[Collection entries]
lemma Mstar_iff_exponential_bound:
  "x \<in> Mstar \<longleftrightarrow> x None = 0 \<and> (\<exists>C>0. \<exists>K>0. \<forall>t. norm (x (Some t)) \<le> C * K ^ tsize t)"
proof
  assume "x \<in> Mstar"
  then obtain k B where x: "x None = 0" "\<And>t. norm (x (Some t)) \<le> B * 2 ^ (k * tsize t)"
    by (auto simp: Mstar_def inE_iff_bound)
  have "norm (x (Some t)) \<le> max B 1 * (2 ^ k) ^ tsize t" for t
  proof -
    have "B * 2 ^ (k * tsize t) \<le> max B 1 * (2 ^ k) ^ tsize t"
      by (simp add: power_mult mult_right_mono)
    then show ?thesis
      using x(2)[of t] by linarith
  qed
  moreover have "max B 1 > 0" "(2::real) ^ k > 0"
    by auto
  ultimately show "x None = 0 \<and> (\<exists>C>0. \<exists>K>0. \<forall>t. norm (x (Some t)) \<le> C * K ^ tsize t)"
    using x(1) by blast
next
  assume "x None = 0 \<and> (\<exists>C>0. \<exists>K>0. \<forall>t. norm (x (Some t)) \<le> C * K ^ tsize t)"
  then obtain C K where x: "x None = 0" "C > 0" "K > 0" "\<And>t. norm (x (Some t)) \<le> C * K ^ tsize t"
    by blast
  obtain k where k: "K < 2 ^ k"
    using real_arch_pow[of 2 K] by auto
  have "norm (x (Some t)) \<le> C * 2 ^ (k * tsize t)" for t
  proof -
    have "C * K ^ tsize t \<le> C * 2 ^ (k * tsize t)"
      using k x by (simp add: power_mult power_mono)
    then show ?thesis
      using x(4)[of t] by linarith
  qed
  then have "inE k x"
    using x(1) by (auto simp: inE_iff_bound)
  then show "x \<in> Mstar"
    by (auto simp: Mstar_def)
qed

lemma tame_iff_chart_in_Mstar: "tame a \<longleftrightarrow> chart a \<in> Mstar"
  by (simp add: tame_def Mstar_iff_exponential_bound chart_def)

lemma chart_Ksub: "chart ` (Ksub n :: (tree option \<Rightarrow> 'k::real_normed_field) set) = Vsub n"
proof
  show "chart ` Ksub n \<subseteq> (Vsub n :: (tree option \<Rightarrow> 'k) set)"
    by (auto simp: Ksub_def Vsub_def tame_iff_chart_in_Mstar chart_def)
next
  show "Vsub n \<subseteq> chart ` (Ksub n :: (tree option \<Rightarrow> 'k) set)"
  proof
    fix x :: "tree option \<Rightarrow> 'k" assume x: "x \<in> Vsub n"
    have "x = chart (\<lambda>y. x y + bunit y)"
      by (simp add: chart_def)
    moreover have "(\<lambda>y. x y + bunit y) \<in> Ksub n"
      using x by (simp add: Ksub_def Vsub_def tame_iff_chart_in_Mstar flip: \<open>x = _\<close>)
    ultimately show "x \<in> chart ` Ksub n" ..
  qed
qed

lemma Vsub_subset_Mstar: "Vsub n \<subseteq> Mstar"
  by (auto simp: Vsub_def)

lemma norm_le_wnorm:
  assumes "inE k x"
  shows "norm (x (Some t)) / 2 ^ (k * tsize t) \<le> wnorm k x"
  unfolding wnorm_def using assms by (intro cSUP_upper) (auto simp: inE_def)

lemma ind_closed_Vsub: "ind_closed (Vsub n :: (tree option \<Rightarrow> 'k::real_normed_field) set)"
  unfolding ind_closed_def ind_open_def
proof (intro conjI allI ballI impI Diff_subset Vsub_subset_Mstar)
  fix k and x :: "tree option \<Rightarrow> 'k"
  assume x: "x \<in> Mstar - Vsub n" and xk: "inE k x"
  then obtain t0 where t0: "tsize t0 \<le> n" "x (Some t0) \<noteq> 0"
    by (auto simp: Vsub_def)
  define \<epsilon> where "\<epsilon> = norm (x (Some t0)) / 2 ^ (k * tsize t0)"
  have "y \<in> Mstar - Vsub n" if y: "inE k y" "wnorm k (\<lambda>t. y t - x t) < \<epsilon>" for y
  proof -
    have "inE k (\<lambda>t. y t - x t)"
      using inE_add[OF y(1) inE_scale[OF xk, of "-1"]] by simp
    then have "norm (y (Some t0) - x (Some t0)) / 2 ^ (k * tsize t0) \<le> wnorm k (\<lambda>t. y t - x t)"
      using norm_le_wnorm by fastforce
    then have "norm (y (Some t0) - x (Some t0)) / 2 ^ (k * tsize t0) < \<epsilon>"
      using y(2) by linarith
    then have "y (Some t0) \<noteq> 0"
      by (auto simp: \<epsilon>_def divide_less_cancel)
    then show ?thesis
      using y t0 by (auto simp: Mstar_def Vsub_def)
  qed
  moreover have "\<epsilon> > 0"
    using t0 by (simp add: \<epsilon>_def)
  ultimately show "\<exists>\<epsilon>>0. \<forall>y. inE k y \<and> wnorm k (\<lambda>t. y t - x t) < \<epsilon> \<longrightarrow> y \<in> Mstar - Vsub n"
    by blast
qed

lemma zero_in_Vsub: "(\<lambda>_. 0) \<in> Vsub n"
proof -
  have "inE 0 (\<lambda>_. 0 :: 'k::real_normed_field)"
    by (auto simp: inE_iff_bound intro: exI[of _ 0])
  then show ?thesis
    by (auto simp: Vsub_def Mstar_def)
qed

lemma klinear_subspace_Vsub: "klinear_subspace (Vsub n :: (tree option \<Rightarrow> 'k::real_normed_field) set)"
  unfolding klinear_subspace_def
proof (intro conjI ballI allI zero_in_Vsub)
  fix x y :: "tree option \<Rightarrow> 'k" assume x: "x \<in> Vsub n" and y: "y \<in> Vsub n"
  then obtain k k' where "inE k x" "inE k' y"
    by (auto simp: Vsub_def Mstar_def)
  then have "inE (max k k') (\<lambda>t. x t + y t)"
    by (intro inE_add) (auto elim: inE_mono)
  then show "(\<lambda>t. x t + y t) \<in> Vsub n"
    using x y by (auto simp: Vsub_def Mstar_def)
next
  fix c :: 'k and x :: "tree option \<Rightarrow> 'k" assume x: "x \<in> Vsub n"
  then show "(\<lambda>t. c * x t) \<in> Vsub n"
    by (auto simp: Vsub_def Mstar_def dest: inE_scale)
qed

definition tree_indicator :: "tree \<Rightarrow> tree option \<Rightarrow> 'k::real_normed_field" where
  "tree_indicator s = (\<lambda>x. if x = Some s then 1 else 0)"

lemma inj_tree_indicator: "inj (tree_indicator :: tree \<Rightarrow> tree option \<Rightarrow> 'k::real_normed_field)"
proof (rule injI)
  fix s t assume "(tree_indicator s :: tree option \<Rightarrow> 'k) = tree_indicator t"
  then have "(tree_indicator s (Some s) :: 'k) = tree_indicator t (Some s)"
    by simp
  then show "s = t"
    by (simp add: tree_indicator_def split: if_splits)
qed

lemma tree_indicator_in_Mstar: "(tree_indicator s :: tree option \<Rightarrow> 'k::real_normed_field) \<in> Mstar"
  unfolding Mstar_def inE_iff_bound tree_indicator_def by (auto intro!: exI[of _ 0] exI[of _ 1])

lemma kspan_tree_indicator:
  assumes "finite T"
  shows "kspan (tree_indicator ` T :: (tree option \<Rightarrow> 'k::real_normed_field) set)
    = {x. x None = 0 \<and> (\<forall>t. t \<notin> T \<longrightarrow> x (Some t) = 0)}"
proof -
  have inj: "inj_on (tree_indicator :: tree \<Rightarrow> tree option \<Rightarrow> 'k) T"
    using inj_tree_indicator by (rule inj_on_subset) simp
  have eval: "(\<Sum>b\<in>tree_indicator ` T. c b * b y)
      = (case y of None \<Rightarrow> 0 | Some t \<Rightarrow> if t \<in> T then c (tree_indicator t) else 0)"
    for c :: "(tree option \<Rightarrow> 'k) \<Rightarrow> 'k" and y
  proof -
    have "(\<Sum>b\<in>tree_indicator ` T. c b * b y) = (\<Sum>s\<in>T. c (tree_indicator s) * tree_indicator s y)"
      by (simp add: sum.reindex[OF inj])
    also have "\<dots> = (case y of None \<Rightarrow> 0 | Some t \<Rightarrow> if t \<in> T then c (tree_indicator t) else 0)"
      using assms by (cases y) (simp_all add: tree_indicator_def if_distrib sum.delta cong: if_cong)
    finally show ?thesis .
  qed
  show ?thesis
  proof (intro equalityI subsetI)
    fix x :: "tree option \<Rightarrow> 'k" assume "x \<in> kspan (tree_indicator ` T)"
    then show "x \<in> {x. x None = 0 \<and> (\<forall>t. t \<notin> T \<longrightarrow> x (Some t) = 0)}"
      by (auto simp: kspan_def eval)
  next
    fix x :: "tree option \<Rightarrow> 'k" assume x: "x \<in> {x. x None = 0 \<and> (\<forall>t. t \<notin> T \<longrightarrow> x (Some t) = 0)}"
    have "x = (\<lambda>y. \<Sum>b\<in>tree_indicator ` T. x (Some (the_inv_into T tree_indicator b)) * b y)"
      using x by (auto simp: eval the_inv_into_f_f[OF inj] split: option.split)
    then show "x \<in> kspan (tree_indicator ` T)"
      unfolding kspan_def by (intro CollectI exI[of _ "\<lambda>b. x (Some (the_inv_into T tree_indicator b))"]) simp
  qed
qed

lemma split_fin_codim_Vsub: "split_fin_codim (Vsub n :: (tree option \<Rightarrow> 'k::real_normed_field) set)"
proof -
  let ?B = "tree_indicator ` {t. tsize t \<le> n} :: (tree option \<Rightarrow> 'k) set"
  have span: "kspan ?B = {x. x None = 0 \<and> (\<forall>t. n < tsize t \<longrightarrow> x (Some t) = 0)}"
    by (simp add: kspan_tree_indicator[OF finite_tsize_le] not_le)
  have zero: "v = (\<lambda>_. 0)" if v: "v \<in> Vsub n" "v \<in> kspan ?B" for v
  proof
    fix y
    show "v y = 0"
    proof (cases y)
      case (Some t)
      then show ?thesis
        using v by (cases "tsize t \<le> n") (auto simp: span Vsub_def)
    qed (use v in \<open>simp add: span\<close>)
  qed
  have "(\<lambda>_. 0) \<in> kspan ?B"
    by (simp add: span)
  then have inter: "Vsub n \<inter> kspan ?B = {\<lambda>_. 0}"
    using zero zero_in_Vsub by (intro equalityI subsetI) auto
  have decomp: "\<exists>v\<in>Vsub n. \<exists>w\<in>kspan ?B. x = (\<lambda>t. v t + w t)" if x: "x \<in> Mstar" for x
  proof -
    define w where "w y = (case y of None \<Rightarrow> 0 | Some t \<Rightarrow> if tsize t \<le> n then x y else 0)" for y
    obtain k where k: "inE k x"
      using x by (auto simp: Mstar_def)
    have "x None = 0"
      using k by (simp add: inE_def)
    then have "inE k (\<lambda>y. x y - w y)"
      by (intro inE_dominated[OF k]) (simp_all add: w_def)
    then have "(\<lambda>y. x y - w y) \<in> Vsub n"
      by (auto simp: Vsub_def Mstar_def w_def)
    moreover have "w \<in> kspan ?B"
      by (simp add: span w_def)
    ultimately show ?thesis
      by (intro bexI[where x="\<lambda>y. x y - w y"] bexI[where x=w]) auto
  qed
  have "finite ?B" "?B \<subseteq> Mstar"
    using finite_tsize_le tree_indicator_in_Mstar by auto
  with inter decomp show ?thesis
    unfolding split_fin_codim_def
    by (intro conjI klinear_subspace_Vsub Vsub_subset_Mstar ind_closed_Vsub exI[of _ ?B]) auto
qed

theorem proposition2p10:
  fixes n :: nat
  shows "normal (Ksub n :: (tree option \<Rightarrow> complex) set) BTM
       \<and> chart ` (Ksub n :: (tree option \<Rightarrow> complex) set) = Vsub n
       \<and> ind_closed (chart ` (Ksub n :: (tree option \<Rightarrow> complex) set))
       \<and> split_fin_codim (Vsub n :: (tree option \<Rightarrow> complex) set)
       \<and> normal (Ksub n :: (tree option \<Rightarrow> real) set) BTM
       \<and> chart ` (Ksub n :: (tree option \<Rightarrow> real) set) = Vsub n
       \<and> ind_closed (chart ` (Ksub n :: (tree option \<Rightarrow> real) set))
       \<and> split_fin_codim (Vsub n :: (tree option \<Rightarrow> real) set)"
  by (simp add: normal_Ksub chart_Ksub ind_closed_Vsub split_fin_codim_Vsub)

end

> [TASK DIRECTIONS]: Across all the entries, count the lines that contain the word "subsetI" and give the number by itself.

> [SOLUTION TO THE PROBLEM]: 2